**TASK OBJECTIVE**
Every record shown here must be duplicated without change.

[[ MATERIAL FOR THIS TASK, beginning ]]

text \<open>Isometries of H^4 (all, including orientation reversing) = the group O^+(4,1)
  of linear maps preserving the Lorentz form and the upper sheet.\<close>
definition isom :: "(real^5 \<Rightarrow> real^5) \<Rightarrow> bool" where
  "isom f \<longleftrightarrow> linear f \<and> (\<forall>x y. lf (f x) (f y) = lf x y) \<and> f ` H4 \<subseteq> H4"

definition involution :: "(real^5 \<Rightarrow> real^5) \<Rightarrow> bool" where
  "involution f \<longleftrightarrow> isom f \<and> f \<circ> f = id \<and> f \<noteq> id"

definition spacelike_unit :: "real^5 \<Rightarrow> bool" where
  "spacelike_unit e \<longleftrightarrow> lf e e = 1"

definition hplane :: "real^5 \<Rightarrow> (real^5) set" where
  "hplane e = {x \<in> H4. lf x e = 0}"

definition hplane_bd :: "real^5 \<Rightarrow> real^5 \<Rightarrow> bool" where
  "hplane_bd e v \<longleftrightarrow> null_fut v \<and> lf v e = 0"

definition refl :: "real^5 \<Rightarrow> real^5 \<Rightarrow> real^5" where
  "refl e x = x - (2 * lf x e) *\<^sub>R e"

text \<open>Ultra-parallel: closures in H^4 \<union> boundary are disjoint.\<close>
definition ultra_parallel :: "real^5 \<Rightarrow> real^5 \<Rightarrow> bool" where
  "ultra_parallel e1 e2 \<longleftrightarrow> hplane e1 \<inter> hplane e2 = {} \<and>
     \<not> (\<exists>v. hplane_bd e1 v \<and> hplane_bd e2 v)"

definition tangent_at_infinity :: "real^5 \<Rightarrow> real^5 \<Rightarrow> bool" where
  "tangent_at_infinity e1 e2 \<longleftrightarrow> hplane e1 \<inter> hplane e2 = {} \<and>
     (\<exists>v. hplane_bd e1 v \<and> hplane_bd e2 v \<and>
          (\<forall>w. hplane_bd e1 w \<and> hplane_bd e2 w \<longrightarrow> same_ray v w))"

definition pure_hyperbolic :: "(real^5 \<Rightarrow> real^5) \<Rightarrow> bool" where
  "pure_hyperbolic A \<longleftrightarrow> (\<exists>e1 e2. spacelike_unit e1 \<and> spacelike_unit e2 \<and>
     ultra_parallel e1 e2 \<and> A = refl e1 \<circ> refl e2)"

[[ MATERIAL FOR THIS TASK, end ]]

**RESPONSE BELOW**
text \<open>Isometries of H^4 (all, including orientation reversing) = the group O^+(4,1)
  of linear maps preserving the Lorentz form and the upper sheet.\<close>
definition isom :: "(real^5 \<Rightarrow> real^5) \<Rightarrow> bool" where
  "isom f \<longleftrightarrow> linear f \<and> (\<forall>x y. lf (f x) (f y) = lf x y) \<and> f ` H4 \<subseteq> H4"

definition involution :: "(real^5 \<Rightarrow> real^5) \<Rightarrow> bool" where
  "involution f \<longleftrightarrow> isom f \<and> f \<circ> f = id \<and> f \<noteq> id"

definition spacelike_unit :: "real^5 \<Rightarrow> bool" where
  "spacelike_unit e \<longleftrightarrow> lf e e = 1"

definition hplane :: "real^5 \<Rightarrow> (real^5) set" where
  "hplane e = {x \<in> H4. lf x e = 0}"

definition hplane_bd :: "real^5 \<Rightarrow> real^5 \<Rightarrow> bool" where
  "hplane_bd e v \<longleftrightarrow> null_fut v \<and> lf v e = 0"

definition refl :: "real^5 \<Rightarrow> real^5 \<Rightarrow> real^5" where
  "refl e x = x - (2 * lf x e) *\<^sub>R e"

text \<open>Ultra-parallel: closures in H^4 \<union> boundary are disjoint.\<close>
definition ultra_parallel :: "real^5 \<Rightarrow> real^5 \<Rightarrow> bool" where
  "ultra_parallel e1 e2 \<longleftrightarrow> hplane e1 \<inter> hplane e2 = {} \<and>
     \<not> (\<exists>v. hplane_bd e1 v \<and> hplane_bd e2 v)"

definition tangent_at_infinity :: "real^5 \<Rightarrow> real^5 \<Rightarrow> bool" where
  "tangent_at_infinity e1 e2 \<longleftrightarrow> hplane e1 \<inter> hplane e2 = {} \<and>
     (\<exists>v. hplane_bd e1 v \<and> hplane_bd e2 v \<and>
          (\<forall>w. hplane_bd e1 w \<and> hplane_bd e2 w \<longrightarrow> same_ray v w))"

definition pure_hyperbolic :: "(real^5 \<Rightarrow> real^5) \<Rightarrow> bool" where
  "pure_hyperbolic A \<longleftrightarrow> (\<exists>e1 e2. spacelike_unit e1 \<and> spacelike_unit e2 \<and>
     ultra_parallel e1 e2 \<and> A = refl e1 \<circ> refl e2)"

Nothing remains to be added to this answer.